Изначальный страх ничего общего не имеет с трусостью, равно как и изначальное доверие – с мужеством Наоборот: без страха не бывает отваги. Героизм есть преодоление страха, а не отсутствие его. Всадник с Боденского озера[160] никакой не герой, еще менее того – мечущаяся под артиллерийским огнем корова Кениггреца, о которой повествует Мольтке[161] в одном из своих произведений. Надо встретиться с опасностью, содрогнуться от нее и тем не менее – выстоять. Именно потому, что прометеевская культура проистекает из изначального страха и направлена на его преодоление, я называю ее носителей героическими людьми. Если давать оценку изначальному страху и изначальному доверию, то самое большее, что можно было бы сказать: изначальный страх есть проклятье, а изначальное доверие – милость.

Именно потому, что русский глубоко укоренен в вечном, он может беззаботно предаваться власти мгновенья. Он способен на божественное легкомыслие и доводит его порой до крайности, до открытого вызова судьбе. Западный человек, всецело направляющий свои силы и внимание на земное, живет только с видом на будущее, в то время как настоящее утекает у него сквозь пальцы. Его одурачивает фантом будущего. Русский, получая от жизни бесконечно больше, с состраданием взирает на современного европейца, который никогда не выходит из себя и никогда не достигает высокой степени буйной русской веселости. Русский обладает той самой внутренней веселостью, которая – по тем же причинам – свойственна некоторым буддийским народам. Из этого следует вывод: чтобы безмятежно наслаждаться временным, надо уверенно чувствовать себя в вечном. Надо внутренне подняться над жизнью, чтобы найти ее прекрасной и увлекательной. Чем меньше мы ждем от жизни, тем больше она дает нам.

Поскольку русский признает закон мгновенья, восточная Церковь делает акцент в религиозной жизни на культе с его переживаемой властью настроения; протестантская Церковь – а это и есть прометеевская форма христианства – на догмате с его требованием длительной значимости. (Догматы восточной Церкви не менялись с 800 года и смогли сохраниться неизменными, потому что они никогда не находились в центре религиозных интересов[162]). Восточная Церковь с ее мистикой сердца обращается к полному самоотдачи чувству; протестантская, с ее холодом, – к предусмотрительному мышлению. Поэтому проповедь есть костяк богослужения. Она свидетельствует о том, что для прометеевского человека едва ли возможно – разве что в музыке – переживание вечного в одном мгновенье. Ему недоступно переживание спонтанной религиозности, выражающейся лишь в данное мгновенье, не проходя через сознание. Лишь в католических местностях и в англиканстве она еще осталась как пережиток ушедшей готики.

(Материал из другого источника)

text \<open>Testing with a vector supported on \<open>{x, j}\<close> whose \<open>x\<close>-entry is a large multiple of
  \<open>- M x j\<close> makes the form negative unless \<open>M x j = 0\<close>.\<close>
lemma psd_row_zero:
  assumes "psd M" "M x x = 0" shows "M x j = 0"
proof (rule ccontr)
  define c where "c = M x j"
  assume "M x j \<noteq> 0"
  then have cpos: "(cmod c)\<^sup>2 > 0" unfolding c_def by simp
  define r where "r = (Re (M j j) + 1) / (2 * (cmod c)\<^sup>2)"
  define a where "a = - (of_real r * c)"
  have "M j x = cnj c" using psd_cnj[OF assms(1), of x j] c_def by simp
  then have "qform M (\<lambda>k. (if k = x then a else 0) + (if k = j then 1 else 0)) =
      cnj a * c + cnj c * a + M j j"
    unfolding qform_two_point using assms(2) c_def by simp
  moreover have "cnj a * c = - of_real (r * (cmod c)\<^sup>2)" "cnj c * a = - of_real (r * (cmod c)\<^sup>2)"
    unfolding a_def by (simp_all add: cnj_mult_self mult.assoc mult.left_commute)
  moreover have "Re (qform M (\<lambda>k. (if k = x then a else 0) + (if k = j then 1 else 0))) \<ge> 0"
    using psd_qformD[OF assms(1)] by blast
  ultimately have "0 \<le> - 2 * r * (cmod c)\<^sup>2 + Re (M j j)" by simp
  moreover have "2 * r * (cmod c)\<^sup>2 = Re (M j j) + 1" unfolding r_def using cpos by simp
  ultimately show False by linarith
qed

lemma qform_minus_rank_one: "qform (\<lambda>i j. M i j - c * p i * q j) v =
    qform M v - c * (\<Sum>i\<in>UNIV. cnj (v i) * p i) * (\<Sum>j\<in>UNIV. q j * v j)"
  unfolding qform_def
  by (simp add: algebra_simps sum_subtractf sum_distrib_left sum_distrib_right)

lemma qform_add_point: "qform M (\<lambda>k. v k + (if k = x then t else 0)) =
    qform M v + t * (\<Sum>i\<in>UNIV. cnj (v i) * M i x) + cnj t * (\<Sum>j\<in>UNIV. M x j * v j)
    + cnj t * M x x * t"
  unfolding qform_add unfolding qform_def
  by (simp only: delta_simps, simp add: algebra_simps sum_distrib_left sum_distrib_right)

lemma psd_diag_of_real: "psd M \<Longrightarrow> M i i = of_real (Re (M i i))"
  using psd_diag(1) by (simp add: complex_eq_iff)

text \<open>At \<open>v\<close> the Schur complement takes the value of the form of \<open>M\<close> at
  \<open>v - ((M v)\<^sub>x / M x x) e\<^sub>x\<close>.\<close>
lemma psd_schur_complement:
  assumes "psd M" and pos: "Re (M x x) > 0"
  shows "psd (\<lambda>i j. M i j - (1 / M x x) * M i x * M x j)"
  unfolding psd_iff_qform
proof
  fix v :: "'a \<Rightarrow> complex"
  define r where "r = Re (M x x)"
  have Mxx: "M x x = of_real r" using psd_diag_of_real[OF assms(1), of x] r_def by simp
  define s where "s = (\<Sum>j\<in>UNIV. M x j * v j)"
  have "M i x = cnj (M x i)" for i using psd_cnj[OF assms(1), of x i] by simp
  then have s_cnj: "(\<Sum>i\<in>UNIV. cnj (v i) * M i x) = cnj s"
    unfolding s_def by (simp add: mult.commute)
  have "qform (\<lambda>i j. M i j - (1 / M x x) * M i x * M x j) v = qform M v - (1 / M x x) * cnj s * s"
    unfolding qform_minus_rank_one s_cnj s_def ..
  also have "\<dots> = qform M (\<lambda>k. v k + (if k = x then - s / of_real r else 0))"
    unfolding qform_add_point s_cnj s_def[symmetric] Mxx using pos r_def by (simp add: field_simps)
  finally have "qform (\<lambda>i j. M i j - (1 / M x x) * M i x * M x j) v =
      qform M (\<lambda>k. v k + (if k = x then - s / of_real r else 0))" .
  then show "Im (qform (\<lambda>i j. M i j - (1 / M x x) * M i x * M x j) v) = 0 \<and>
      Re (qform (\<lambda>i j. M i j - (1 / M x x) * M i x * M x j) v) \<ge> 0"
    using psd_qformD[OF assms(1), of "\<lambda>k. v k + (if k = x then - s / of_real r else 0)"] by simp
qed

lemma schur_complement_add_rank_one:
  assumes "psd M" and pos: "Re (M x x) > 0"
  shows "M i j = (M i j - (1 / M x x) * M i x * M x j)
      + M i x / of_real (sqrt (Re (M x x))) * cnj (M j x / of_real (sqrt (Re (M x x))))"
proof -
  define q :: complex where "q = of_real (sqrt (Re (M x x)))"
  have "cnj (M j x) = M x j" using psd_cnj[OF assms(1), of j x] .
  then have "M i x / q * cnj (M j x / q) = M i x * M x j / (q * q)"
    unfolding q_def by simp
  also have "q * q = of_real (Re (M x x))"
    unfolding q_def using pos by (simp flip: of_real_mult)
  also have "\<dots> = M x x" by (rule psd_diag_of_real[OF assms(1), symmetric])
  finally show ?thesis unfolding q_def by simp
qed

text \<open>Induction on the support: a zero pivot forces a zero row and column, a positive pivot
  splits off a rank-one term and leaves its Schur complement.\<close>
lemma psd_gram_supported:
  fixes S :: "'i::finite set"
  assumes "finite S" "psd M" "\<And>i j. i \<notin> S \<Longrightarrow> M i j = 0" "\<And>i j. j \<notin> S \<Longrightarrow> M i j = 0"
  shows "\<exists>K (w :: nat \<Rightarrow> 'i \<Rightarrow> complex). M = (\<lambda>i j. \<Sum>k<K. w k i * cnj (w k j))"
  using assms
proof (induction S arbitrary: M rule: finite_induct)
  case empty
  then have "M = (\<lambda>i j. \<Sum>k<0. w k i * cnj (w k j))" for w :: "nat \<Rightarrow> 'i \<Rightarrow> complex"
    by (intro ext) simp
  then show ?case by blast
next
  case (insert x S)
  note psdM = insert.prems(1)
  show ?case
  proof (cases "M x x = 0")
    case True
    have "M x j = 0" "M j x = 0" for j
      using psd_row_zero[OF psdM True, of j] psd_cnj[OF psdM, of x j] by simp_all
    then have "M i j = 0" "M j i = 0" if "i \<notin> S" for i j
      using that insert.prems(2,3) by (cases "i = x"; simp)+
    then show ?thesis using insert.IH[OF psdM] by blast
  next
    case False
    then have pos: "Re (M x x) > 0"
      using psd_diag(2)[OF psdM, of x] psd_diag_of_real[OF psdM, of x] by (metis less_le of_real_0)
    define u where "u j = M j x / of_real (sqrt (Re (M x x)))" for j
    define M' where "M' = (\<lambda>i j. M i j - (1 / M x x) * M i x * M x j)"
    have rank_one: "M i j = M' i j + u i * cnj (u j)" for i j
      unfolding M'_def u_def by (rule schur_complement_add_rank_one[OF psdM pos])
    have "M' i j = 0" "M' j i = 0" if "i \<notin> S" for i j
      using that insert.prems(2,3) False unfolding M'_def by (cases "i = x"; simp)+
    moreover have "psd M'" unfolding M'_def by (rule psd_schur_complement[OF psdM pos])
    ultimately obtain K and w :: "nat \<Rightarrow> 'i \<Rightarrow> complex" where "M' = (\<lambda>i j. \<Sum>k<K. w k i * cnj (w k j))"
      using insert.IH[of M'] by blast
    then have "M = (\<lambda>i j. \<Sum>k<Suc K. (w(K := u)) k i * cnj ((w(K := u)) k j))"
      using rank_one by (intro ext) simp
    then show ?thesis by blast
  qed
qed

lemma psd_gram:
  fixes M :: "'i::finite cmat"
  assumes "psd M"
  shows "\<exists>K (w :: nat \<Rightarrow> 'i \<Rightarrow> complex). M = (\<lambda>i j. \<Sum>k<K. w k i * cnj (w k j))"
  using psd_gram_supported[of UNIV M] assms by simp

В сценическом искусстве раскованный театр Таирова[163] являет собою чистейшее выражение жизнеощущения, целиком отдающегося во власть момента. Таиров добивался от актеров раскрепощенности от литературных условностей, то есть стремился к разделению драматургического произведения и сцены, которые соотносятся друг с другом как догмат и культ. Он хотел создать театр чистого мгновенья, в котором актер сменяется диктором и, наконец, растворяется в танце.

Прометеевская культура покоится на страхе перед импровизацией. Она является непрекращающейся попыткой закрыть пропасть. (Нужно ли подчеркивать, что это попытка с негодными средствами?) Чем больше эта культура проявляет свою сущность, тем отчетливее она приобретает характер бегства от страха. Ничего она так не боится, как хаоса. Он для нее – абсолютное ничто. Русский же ждет его с тайной радостью. Для него – это переход в предугадываемый, более совершенный мир. В русском всегда есть что-то от революционера и разрушителя. В германце этого нет никогда; в романском человеке – встречается крайне редко. В своей оценке земных благ западный человек стремится удержать то, чем обладает, и приумножить его: это культура запасов впрок – вещей, ценностей, методов. Русская же культура есть культура расточительства – вещей и людей. Европейца всегда гнетет чувство, что утраченное утрачено навсегда, в то время как русский не сомневается в том, что первооснова мира нерасточима в своей неисчерпаемости. Так изначальный страх сопровождается сознанием нехватки; изначальное доверие – сознанием изобилия.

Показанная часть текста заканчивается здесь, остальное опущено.